§ Saved data entries
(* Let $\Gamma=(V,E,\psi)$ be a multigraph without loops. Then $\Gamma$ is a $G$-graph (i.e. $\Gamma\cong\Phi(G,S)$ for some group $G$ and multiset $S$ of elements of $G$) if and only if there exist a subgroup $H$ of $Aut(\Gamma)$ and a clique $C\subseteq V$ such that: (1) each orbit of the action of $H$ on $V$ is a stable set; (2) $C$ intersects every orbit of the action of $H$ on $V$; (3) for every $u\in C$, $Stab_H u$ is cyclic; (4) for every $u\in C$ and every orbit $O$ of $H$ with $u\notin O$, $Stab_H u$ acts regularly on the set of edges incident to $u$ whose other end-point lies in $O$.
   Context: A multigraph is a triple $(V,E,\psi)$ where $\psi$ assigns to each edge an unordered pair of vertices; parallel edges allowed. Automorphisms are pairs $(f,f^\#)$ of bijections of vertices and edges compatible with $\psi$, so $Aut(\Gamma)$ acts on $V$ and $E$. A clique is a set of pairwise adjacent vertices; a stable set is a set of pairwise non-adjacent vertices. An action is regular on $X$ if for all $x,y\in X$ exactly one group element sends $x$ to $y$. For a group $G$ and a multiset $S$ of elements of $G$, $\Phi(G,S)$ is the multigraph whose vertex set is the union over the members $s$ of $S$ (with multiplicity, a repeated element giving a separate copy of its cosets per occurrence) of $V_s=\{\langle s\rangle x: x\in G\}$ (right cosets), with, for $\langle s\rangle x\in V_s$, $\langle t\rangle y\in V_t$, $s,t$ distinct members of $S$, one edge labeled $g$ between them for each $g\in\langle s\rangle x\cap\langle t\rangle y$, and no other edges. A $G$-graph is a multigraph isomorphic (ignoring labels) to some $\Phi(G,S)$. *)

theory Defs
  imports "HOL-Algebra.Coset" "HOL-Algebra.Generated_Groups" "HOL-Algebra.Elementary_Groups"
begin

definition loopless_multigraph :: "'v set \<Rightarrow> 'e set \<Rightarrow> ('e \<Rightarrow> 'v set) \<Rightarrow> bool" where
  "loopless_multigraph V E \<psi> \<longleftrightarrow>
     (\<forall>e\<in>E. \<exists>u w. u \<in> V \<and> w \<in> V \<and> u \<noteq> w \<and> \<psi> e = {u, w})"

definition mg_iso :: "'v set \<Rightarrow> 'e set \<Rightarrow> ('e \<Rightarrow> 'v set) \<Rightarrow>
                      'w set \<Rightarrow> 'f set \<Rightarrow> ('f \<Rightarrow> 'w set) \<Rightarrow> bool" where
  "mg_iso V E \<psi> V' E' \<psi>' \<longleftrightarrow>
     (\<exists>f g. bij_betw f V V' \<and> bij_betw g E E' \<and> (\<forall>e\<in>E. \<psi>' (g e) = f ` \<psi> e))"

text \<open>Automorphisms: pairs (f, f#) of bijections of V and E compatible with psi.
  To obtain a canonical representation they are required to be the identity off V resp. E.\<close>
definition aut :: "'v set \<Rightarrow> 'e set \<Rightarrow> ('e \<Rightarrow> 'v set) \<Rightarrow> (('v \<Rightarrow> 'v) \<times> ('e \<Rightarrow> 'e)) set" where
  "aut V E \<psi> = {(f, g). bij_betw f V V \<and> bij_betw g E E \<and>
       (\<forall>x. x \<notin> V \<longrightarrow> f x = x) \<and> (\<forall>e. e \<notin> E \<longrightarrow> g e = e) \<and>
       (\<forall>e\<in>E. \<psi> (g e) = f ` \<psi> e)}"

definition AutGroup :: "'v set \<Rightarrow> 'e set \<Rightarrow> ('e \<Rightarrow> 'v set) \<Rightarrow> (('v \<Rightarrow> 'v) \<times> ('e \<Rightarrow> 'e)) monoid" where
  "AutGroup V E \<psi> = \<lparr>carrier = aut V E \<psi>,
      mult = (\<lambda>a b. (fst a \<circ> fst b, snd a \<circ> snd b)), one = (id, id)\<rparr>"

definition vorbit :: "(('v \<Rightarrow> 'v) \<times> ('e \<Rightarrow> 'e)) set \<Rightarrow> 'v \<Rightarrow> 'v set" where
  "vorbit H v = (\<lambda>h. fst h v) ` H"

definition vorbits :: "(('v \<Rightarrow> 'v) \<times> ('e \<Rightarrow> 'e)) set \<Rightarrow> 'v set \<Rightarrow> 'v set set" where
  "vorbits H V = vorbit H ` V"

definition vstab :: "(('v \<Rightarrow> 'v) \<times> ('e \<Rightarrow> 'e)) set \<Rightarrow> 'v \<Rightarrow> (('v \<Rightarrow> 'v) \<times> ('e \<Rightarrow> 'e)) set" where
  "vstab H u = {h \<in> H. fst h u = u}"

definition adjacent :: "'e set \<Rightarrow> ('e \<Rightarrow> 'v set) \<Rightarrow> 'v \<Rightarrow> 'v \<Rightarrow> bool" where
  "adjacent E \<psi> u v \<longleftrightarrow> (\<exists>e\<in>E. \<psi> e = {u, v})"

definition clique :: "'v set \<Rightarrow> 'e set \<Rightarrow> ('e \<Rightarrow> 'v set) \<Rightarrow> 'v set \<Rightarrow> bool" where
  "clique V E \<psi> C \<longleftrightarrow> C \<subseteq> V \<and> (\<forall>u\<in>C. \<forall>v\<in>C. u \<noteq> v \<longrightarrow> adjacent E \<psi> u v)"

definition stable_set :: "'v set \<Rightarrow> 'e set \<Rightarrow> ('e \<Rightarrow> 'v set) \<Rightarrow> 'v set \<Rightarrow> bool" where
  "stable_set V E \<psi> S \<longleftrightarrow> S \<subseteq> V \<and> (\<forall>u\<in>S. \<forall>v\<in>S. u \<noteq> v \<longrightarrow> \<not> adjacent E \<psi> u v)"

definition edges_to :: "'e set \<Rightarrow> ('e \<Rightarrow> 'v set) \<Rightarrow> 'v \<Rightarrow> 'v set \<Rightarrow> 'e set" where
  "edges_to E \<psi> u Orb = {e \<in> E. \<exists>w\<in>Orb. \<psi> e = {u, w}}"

§ Your instructions
Say only the number of lines of the data above in which the string "times" occurs.

§ Output
5